Assignment: From the records below, copy every line that contains the word "moreover".

(Stored data)
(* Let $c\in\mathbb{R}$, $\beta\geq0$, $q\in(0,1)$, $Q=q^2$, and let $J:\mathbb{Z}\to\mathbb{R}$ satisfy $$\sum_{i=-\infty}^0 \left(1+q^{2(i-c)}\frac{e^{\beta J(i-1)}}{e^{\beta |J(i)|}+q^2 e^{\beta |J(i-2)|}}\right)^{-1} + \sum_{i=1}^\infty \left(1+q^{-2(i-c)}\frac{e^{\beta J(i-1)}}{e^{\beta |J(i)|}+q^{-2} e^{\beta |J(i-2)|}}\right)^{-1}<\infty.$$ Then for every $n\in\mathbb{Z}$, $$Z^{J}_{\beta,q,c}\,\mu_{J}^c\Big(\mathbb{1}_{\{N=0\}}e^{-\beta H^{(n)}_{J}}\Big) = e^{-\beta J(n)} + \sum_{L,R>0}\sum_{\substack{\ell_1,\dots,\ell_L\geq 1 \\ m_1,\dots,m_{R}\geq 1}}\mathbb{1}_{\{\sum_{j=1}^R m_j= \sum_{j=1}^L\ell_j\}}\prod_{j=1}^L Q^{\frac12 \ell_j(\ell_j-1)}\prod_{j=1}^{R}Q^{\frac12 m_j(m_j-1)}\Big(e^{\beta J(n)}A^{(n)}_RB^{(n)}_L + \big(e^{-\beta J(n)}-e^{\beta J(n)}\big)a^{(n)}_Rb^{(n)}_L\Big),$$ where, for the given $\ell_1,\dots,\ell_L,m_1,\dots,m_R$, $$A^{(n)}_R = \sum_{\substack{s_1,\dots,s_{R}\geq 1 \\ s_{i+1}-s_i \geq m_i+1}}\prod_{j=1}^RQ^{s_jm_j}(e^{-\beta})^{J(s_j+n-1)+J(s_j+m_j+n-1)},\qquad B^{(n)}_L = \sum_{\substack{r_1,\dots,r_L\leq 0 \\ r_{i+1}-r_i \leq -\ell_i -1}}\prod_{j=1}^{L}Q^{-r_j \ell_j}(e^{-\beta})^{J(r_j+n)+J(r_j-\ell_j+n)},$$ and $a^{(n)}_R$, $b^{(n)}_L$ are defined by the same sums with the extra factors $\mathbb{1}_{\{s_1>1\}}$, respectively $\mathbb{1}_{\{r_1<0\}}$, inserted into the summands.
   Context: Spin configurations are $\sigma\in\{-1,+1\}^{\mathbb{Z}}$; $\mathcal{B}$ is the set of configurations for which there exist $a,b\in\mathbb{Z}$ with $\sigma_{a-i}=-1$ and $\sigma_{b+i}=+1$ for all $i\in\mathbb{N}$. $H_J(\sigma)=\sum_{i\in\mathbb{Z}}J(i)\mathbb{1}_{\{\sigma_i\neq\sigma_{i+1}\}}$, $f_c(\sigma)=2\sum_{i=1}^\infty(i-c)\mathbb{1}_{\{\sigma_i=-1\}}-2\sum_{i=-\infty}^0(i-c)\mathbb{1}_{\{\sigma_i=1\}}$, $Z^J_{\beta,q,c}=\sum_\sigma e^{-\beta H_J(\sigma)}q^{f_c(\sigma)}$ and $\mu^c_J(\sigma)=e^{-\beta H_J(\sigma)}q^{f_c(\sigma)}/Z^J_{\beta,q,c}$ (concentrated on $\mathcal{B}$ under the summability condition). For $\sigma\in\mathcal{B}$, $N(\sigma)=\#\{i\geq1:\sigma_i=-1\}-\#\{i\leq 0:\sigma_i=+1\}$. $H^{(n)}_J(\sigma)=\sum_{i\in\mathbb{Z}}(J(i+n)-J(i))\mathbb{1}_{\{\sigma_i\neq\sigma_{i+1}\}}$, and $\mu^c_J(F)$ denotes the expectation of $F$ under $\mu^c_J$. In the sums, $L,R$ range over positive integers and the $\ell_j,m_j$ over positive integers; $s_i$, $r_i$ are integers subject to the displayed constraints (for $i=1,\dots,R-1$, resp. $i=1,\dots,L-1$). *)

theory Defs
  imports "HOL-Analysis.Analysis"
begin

---

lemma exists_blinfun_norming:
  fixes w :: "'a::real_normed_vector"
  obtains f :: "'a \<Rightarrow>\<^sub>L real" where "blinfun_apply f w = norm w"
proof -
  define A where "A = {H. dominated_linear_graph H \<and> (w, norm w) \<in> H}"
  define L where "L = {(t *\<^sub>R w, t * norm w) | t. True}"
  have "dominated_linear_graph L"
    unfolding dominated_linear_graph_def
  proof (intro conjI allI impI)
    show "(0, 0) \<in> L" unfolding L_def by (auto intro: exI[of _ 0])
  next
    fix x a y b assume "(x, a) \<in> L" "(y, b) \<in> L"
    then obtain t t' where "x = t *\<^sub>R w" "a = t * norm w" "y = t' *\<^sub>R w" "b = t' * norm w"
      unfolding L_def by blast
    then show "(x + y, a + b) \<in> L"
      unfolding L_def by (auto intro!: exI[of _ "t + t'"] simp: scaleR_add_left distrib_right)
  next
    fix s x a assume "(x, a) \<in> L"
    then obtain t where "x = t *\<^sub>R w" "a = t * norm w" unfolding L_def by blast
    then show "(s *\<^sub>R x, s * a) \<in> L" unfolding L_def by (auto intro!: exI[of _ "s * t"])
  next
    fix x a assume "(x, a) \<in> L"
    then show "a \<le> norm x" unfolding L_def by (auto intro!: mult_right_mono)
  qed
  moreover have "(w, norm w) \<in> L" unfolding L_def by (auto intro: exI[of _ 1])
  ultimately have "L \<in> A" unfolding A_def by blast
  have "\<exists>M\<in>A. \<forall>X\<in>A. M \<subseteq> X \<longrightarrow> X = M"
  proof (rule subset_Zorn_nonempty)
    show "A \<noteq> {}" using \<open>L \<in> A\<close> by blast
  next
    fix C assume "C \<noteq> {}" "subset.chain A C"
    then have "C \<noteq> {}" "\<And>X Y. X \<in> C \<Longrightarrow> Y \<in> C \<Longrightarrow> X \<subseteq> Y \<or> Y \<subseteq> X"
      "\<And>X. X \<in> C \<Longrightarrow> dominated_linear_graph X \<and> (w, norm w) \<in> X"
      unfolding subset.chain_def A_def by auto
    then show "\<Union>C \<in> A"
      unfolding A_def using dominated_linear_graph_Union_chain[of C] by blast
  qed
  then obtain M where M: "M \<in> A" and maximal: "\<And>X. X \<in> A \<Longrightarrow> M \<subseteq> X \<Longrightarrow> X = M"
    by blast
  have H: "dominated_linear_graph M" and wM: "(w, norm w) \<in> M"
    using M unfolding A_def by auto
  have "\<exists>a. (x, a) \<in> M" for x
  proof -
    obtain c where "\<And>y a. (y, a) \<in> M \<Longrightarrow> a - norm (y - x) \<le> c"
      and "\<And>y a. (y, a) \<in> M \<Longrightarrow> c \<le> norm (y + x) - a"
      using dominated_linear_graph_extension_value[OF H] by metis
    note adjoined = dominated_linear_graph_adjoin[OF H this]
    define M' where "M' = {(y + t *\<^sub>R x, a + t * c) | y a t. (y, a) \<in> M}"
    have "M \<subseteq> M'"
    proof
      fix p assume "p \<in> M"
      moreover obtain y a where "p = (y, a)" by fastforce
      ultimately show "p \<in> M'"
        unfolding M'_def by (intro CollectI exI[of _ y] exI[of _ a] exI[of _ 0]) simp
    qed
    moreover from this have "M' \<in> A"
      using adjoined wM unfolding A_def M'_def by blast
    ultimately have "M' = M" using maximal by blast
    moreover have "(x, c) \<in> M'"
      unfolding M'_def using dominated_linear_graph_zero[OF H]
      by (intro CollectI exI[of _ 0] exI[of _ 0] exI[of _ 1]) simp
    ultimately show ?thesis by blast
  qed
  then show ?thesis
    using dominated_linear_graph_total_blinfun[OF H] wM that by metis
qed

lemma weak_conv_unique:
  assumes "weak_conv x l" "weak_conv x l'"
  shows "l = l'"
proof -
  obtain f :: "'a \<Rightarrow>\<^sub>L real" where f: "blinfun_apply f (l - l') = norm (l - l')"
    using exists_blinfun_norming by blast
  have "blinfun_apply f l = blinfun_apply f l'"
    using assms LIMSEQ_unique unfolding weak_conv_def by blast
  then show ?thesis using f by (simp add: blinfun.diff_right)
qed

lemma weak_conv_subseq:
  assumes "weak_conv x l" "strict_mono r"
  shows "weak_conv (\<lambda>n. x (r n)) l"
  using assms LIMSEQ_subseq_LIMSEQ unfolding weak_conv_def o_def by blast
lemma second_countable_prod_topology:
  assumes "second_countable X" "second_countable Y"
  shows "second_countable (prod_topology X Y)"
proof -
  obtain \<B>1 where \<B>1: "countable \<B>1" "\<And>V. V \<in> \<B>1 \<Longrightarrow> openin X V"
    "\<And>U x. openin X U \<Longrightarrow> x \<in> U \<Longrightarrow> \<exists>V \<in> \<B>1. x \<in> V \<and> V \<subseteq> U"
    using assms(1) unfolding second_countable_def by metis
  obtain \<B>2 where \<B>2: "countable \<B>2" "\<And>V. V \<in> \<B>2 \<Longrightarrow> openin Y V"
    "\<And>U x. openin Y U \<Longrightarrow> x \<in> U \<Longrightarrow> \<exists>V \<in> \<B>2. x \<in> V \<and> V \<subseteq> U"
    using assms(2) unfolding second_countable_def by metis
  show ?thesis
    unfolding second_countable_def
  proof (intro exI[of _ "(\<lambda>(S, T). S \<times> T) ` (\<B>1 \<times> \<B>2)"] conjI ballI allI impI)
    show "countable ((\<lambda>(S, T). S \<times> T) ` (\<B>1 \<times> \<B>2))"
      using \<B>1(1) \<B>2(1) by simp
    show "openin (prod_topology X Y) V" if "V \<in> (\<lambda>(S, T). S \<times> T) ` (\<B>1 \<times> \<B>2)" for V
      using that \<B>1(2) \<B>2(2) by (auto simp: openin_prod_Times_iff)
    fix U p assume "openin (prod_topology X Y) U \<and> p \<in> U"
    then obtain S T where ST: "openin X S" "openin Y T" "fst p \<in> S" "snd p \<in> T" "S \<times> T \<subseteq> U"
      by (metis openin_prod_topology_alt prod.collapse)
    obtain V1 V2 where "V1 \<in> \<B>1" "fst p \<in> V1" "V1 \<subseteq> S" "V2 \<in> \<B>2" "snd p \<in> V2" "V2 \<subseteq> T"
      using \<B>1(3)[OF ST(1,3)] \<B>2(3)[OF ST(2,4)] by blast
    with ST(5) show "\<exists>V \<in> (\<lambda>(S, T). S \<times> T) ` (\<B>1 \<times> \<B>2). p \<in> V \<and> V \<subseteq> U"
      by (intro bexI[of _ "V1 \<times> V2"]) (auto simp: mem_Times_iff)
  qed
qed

--

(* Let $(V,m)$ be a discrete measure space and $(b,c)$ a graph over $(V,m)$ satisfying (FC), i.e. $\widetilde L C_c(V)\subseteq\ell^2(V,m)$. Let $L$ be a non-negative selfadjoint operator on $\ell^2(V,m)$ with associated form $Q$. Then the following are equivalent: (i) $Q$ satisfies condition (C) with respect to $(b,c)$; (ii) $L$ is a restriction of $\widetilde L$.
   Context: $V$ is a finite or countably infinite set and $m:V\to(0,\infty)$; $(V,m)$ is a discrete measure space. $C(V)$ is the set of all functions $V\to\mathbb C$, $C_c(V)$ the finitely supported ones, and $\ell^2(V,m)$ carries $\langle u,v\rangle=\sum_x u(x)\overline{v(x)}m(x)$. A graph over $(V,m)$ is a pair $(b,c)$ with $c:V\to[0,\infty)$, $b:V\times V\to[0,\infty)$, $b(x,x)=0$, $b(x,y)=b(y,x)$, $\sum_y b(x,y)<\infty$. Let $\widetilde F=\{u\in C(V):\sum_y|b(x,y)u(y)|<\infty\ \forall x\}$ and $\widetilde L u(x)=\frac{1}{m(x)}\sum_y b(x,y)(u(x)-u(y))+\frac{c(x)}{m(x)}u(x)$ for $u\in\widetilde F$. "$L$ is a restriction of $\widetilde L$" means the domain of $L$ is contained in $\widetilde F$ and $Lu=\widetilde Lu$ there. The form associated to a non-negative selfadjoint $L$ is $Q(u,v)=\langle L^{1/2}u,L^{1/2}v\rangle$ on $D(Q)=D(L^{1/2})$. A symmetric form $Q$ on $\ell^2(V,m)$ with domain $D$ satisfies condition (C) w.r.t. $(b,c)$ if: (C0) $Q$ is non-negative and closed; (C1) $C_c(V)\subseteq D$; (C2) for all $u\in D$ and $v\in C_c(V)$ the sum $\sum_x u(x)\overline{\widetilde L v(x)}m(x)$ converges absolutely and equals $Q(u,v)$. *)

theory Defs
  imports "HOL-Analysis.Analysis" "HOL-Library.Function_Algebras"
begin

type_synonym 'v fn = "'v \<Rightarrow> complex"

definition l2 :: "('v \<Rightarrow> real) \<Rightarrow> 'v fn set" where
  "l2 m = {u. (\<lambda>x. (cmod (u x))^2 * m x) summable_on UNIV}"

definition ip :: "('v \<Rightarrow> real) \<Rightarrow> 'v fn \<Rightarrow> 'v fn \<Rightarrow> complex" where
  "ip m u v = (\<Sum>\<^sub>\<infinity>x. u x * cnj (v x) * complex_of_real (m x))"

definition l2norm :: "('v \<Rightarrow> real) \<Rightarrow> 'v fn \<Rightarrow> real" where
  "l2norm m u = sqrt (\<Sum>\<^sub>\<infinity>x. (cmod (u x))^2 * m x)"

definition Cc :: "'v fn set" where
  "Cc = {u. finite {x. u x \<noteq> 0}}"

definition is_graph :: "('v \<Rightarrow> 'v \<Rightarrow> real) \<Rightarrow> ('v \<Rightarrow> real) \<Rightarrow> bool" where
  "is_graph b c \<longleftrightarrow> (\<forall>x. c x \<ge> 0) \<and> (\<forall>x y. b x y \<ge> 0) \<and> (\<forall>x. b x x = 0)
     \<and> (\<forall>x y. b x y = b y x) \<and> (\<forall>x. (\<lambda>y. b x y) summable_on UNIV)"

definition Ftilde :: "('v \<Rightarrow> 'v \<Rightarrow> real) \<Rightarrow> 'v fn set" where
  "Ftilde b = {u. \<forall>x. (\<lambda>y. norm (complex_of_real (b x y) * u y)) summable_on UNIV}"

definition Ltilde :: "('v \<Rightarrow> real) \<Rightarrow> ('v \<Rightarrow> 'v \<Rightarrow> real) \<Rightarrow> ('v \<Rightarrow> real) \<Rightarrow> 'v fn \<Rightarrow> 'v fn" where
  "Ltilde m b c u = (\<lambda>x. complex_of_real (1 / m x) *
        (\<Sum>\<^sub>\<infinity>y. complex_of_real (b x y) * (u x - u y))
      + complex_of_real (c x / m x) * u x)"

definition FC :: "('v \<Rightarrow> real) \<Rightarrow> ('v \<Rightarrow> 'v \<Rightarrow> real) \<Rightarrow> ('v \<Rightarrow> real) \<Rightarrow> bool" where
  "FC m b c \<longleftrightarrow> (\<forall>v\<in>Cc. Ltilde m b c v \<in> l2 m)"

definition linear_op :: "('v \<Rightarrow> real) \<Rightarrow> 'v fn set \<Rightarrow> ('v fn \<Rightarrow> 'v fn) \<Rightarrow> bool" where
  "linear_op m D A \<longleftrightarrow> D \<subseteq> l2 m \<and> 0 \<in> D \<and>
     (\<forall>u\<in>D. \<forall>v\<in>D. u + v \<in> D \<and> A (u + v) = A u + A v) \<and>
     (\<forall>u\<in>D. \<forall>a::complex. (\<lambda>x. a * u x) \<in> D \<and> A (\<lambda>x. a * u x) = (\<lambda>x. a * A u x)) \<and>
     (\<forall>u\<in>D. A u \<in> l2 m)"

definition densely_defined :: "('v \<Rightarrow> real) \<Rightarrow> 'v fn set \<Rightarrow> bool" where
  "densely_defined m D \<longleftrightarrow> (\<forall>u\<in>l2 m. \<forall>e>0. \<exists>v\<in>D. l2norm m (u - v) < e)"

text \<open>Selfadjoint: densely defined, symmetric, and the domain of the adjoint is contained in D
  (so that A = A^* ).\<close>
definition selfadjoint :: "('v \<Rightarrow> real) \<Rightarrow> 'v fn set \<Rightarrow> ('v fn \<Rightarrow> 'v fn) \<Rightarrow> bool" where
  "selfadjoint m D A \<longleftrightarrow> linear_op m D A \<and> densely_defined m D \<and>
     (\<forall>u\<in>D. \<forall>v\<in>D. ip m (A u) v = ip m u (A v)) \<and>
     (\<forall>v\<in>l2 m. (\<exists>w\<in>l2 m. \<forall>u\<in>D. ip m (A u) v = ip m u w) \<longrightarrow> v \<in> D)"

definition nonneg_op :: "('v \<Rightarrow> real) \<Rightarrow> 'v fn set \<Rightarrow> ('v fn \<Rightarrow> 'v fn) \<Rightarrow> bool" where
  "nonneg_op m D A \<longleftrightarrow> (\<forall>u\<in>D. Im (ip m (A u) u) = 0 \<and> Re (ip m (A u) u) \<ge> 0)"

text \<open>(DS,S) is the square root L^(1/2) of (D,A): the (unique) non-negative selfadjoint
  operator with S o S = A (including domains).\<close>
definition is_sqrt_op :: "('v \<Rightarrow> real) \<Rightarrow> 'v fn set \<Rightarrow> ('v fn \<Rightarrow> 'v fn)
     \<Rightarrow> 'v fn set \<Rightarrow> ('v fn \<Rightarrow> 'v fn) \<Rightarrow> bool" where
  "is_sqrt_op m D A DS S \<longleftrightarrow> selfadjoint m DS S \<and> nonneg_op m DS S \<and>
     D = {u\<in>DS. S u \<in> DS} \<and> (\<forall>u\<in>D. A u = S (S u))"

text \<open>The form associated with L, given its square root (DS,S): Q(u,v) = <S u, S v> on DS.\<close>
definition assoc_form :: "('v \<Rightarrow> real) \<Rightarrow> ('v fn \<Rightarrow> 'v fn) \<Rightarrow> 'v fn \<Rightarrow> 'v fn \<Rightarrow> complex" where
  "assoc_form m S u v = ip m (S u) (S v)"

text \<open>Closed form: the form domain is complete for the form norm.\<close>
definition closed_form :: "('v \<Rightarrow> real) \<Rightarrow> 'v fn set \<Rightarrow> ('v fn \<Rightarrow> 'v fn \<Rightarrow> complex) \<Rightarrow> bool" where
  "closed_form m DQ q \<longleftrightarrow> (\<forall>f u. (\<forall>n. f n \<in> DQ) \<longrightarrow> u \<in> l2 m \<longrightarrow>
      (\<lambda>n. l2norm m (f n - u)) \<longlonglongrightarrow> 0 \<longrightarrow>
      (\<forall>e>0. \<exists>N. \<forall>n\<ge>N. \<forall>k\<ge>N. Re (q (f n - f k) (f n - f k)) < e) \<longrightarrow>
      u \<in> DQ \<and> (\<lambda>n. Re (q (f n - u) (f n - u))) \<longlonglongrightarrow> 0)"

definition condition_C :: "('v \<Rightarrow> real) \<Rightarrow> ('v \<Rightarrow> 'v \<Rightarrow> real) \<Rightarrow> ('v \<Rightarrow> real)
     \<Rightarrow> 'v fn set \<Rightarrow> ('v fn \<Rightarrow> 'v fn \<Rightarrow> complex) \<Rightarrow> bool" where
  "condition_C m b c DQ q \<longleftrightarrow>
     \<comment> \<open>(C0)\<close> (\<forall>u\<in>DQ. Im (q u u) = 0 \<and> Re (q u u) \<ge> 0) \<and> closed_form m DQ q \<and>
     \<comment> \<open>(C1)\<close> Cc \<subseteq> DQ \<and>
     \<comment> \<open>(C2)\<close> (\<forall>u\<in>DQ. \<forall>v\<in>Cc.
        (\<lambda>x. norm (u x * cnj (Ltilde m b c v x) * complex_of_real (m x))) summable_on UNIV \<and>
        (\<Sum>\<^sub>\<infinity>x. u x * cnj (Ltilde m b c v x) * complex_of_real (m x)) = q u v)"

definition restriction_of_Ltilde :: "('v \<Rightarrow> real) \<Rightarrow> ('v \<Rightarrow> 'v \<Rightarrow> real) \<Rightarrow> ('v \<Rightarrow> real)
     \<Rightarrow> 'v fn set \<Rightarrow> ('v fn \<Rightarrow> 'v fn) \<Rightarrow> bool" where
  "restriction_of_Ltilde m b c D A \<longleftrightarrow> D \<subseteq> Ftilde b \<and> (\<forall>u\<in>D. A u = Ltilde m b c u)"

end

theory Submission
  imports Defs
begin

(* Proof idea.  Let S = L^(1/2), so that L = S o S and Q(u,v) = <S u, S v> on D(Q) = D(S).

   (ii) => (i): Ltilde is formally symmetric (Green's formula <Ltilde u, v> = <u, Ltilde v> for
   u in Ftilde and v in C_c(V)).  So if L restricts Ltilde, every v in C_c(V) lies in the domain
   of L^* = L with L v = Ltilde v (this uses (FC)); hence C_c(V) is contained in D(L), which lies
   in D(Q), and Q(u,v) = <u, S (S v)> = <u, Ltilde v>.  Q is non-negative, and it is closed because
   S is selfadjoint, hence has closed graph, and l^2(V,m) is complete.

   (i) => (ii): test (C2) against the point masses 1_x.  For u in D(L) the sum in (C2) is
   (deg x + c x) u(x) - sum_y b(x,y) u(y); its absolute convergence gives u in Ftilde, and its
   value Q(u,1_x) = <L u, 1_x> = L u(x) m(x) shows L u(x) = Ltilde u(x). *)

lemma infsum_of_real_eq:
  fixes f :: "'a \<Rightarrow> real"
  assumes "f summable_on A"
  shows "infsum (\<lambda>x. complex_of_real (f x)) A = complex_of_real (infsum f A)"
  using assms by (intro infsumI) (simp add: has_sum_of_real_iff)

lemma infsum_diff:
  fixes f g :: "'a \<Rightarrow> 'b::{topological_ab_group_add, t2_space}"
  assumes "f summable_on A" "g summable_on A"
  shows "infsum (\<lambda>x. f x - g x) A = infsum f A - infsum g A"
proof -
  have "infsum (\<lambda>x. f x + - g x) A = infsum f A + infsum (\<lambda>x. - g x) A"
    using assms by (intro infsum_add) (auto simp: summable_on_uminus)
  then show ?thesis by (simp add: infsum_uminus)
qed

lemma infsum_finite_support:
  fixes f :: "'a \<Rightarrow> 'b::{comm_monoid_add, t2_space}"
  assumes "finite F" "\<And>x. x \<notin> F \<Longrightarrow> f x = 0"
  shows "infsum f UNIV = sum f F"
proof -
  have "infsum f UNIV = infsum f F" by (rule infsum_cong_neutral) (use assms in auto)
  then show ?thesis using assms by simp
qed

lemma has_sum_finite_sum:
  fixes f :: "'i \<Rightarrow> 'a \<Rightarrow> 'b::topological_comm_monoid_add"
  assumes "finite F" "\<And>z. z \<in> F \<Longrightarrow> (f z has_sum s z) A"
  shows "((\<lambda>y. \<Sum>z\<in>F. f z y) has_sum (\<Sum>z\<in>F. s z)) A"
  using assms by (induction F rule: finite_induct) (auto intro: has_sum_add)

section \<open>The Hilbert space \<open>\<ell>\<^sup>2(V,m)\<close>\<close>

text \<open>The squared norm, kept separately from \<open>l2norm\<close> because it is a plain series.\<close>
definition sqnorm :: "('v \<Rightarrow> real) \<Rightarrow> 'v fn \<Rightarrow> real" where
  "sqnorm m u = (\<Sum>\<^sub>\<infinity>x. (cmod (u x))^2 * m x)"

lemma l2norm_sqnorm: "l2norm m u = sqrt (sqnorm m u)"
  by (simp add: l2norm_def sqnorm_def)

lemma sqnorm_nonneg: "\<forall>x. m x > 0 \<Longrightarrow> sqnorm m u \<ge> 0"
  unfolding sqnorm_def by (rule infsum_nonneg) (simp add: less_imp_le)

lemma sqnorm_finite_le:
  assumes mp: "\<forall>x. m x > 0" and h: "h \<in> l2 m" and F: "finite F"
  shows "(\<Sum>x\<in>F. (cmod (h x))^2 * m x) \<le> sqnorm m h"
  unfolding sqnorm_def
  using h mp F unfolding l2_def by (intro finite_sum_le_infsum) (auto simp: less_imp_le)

Answer area:
  moreover have "(w, norm w) \<in> L" unfolding L_def by (auto intro: exI[of _ 1])
      moreover obtain y a where "p = (y, a)" by fastforce
    moreover from this have "M' \<in> A"
    moreover have "(x, c) \<in> M'"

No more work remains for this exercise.